= Gustaf Hultgren =

Swedish pole vaulter

Gustaf Hultgren (born 18 August 1983) is a Swedish pole vaulter and coach. He competed at one European Championships and won the Swedish championships, Swedish indoor championships and Finland–Sweden Athletics International one time each. He has coached multiple pole vaulters belonging to the world elite.

==Active career==
Hailing from Kalmar, he represented the club Kalmar SK, even when he moved across the country to Malmö to attend a sports secondary school. He then relocated to Gothenburg to train with Pekka Dalhöjd and joined the club Örgryte IS.

Hultgren broke the 5-metre barrier in 2001, and achieved 5.15 metres in the qualifying round at the 2002 World Junior Championships. He finished tenth in the final.

Having become Swedish junior champion and U23 champion, he finished fourth at the Swedish championships in 2003 and 2004. He moved his personal best up to 5.24 metres in 2004, 5.32 in the winter of 2005 and 5.35 in Karlskrona in 2005. He later repeated 5.35 at his first Finland–Sweden Athletics International, where he finished sixth. He also competed at the 2005 European U23 Championships without reaching the final.

In 2006 he jumped 5.40 in his first indoor competition, and took the bronze medal at the Swedish indoor championships. Following a fourth place at the 2006 Swedish championships in July, Hultgren's form surged and he cleared 5.56 metres in Karlskrona. A victory over Oscar Janson in a special meet at Ullevi Stadium entailed selection for the 2006 European Championships on the same stadium, Hultgren's home field in Gothenburg. Hultgren notably had to spend vacation days to take time off a seasonal job as lawnmower. He also spent the championship in his own house rather than residing in the Swedish athletes' hotel. His 5.55 metres in the qualifying round was enough for the final, where he cleared 5.50 to finish tenth. He then went on to win the Finland–Sweden International in 2006, achieving 5.50 metres. A victory for Sweden was regarded as surprising in the absence of Jeng, Kristiansson and Janson; however it was also described as a tactical victory as the best Finn Matti Mononen was moved to make attempts at a height that seemed to stress him.

In 2007 he finished second at the Swedish indoor championships, won the Swedish championships and finished third at the Finland–Sweden International. In 2008 he finished third, fourth and sixth in the respective contests. He won the 2009 Swedish indoor championships, took silver at the nationals and finished fifth at the Finland–Sweden International. Two silver medals and a sixth place was the result in 2010, with Hultgren also representing Sweden at the European Team Championships First League. His last two silver medals came at the 2011 Swedish championships and the 2012 Swedish indoor championships.

==Coaching career==
Gustaf Hultgren became a coach in Gothenburg, among others with responsibility for Melker Svärd Jacobsson. He also coached William Asker (from the very start of Asker's pole vault career) and was a technique consultant for the Norwegian vaulter Sondre Guttormsen.

Hultgren coached female vaulter Michaela Meijer for several years. In the early summer of 2021, he also took on Meijer's domestic rival Angelica Bengtsson.

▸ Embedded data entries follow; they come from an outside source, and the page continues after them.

lemma two_cosh_half_hdist_same_height:
  assumes "h > 0"
  shows "2 * cosh (hdist (a, h) (c, h) / 2) = sqrt (4 * h\<^sup>2 + (cmod (a - c))\<^sup>2) / h"
proof -
  define D where "D = hdist (a, h) (c, h)"
  have "cosh D = 1 + (cmod (a - c))\<^sup>2 / (2 * h * h)"
    unfolding D_def using cosh_hdist[of "(a, h)" "(c, h)"] assms by (simp add: H3_def)
  moreover have "cosh D = 2 * (cosh (D / 2))\<^sup>2 - 1" using cosh_double_cosh[of "D / 2"] by simp
  ultimately have "(2 * cosh (D / 2))\<^sup>2 = (4 * h\<^sup>2 + (cmod (a - c))\<^sup>2) / h\<^sup>2"
    using assms by (simp add: field_simps power2_eq_square)
  then have "2 * cosh (D / 2) = sqrt ((4 * h\<^sup>2 + (cmod (a - c))\<^sup>2) / h\<^sup>2)"
    by (metis abs_of_pos cosh_real_pos mult_pos_pos real_sqrt_abs zero_less_numeral)
  then show ?thesis unfolding D_def using assms by (simp add: real_sqrt_divide)
qed

theorem lemma5:
  fixes \<Gamma> :: "(pt \<Rightarrow> pt) set" and \<zeta> :: "complex option" and B :: "pt set"
    and h :: real and \<gamma> :: "pt \<Rightarrow> pt" and b :: complex
  assumes "hyperbolic_manifold_group \<Gamma>"
    and "noncompact_quotient \<Gamma>"
    and "max_cusp_horoball \<Gamma> \<zeta> B"
    and "h > 0"
    and "horo None h \<in> cusp_preimage_horoballs \<Gamma> B"
    and "horo (Some 0) h \<in> cusp_preimage_horoballs \<Gamma> B"
    and "\<gamma> \<in> \<Gamma>" and "loxodromic \<gamma>"
    and "\<gamma> ` horo (Some 0) h = horo None h"
    and "bext \<gamma> None (Some b)"
  shows "2 * cosh (transl_len \<gamma> / 2) \<le> sqrt (4 * h\<^sup>2 + (cmod b)\<^sup>2) / h"
proof -
  have iso: "isometry \<gamma>" and T: "0 < transl_len \<gamma>"
    using \<open>loxodromic \<gamma>\<close> by (auto simp: loxodromic_def)
  have ray: "\<gamma> (0, t) = (fst (\<gamma> (0, h)), h\<^sup>2 / t)" if "h \<le> t" for t
    using isometry_horo_Some_None_vertical[OF iso \<open>h > 0\<close> that assms(9)] .
  then have "b = fst (\<gamma> (0, h))" using bext_None_of_vertical[OF assms(10)] by blast
  with ray[of h] have \<gamma>h: "\<gamma> (0, h) = (b, h)" using \<open>h > 0\<close> by (simp add: power2_eq_square)
  have H: "(0, h) \<in> H3" "(b, h) \<in> H3" using \<open>h > 0\<close> by (auto simp: H3_def)
  have "transl_len \<gamma> \<le> hdist (0, h) (b, h)" using transl_len_le_hdist[OF iso H(1)] by (simp add: \<gamma>h)
  then have "2 * cosh (transl_len \<gamma> / 2) \<le> 2 * cosh (hdist (0, h) (b, h) / 2)"
    using T hdist_nonneg[OF H] by (simp add: cosh_real_nonneg_le_iff)
  also have "\<dots> = sqrt (4 * h\<^sup>2 + (cmod b)\<^sup>2) / h"
    using two_cosh_half_hdist_same_height[OF \<open>h > 0\<close>, of 0 b] by simp
  finally show ?thesis .
qed

end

On 22 June 2021, a minivan with Hultgren, Meijer and another coach Yannick Tregaro was hit by a truck and flipped. Hultgren was the driver, but the car stood still in a parking shoulder. The accident happened between Årjäng and Säffle on the European route E18. Hultgren lost consciousness and was resuscitated by Meijer. Hultgren fractured every rib, had fractures in his jaw, shoulder, back and foot, a punctured lung and damaged spleen and liver. He underwent multiple surgeries at Sahlgrenska University Hospital, but was discharged on 1 July. He immediately returned to coaching. Melker Svärd Jacobsson, however, went through "hell" experiencing the accident as well as a failure to be selected by the Swedish Olympic Committee for the Olympics, and retired at the same time in July 2021.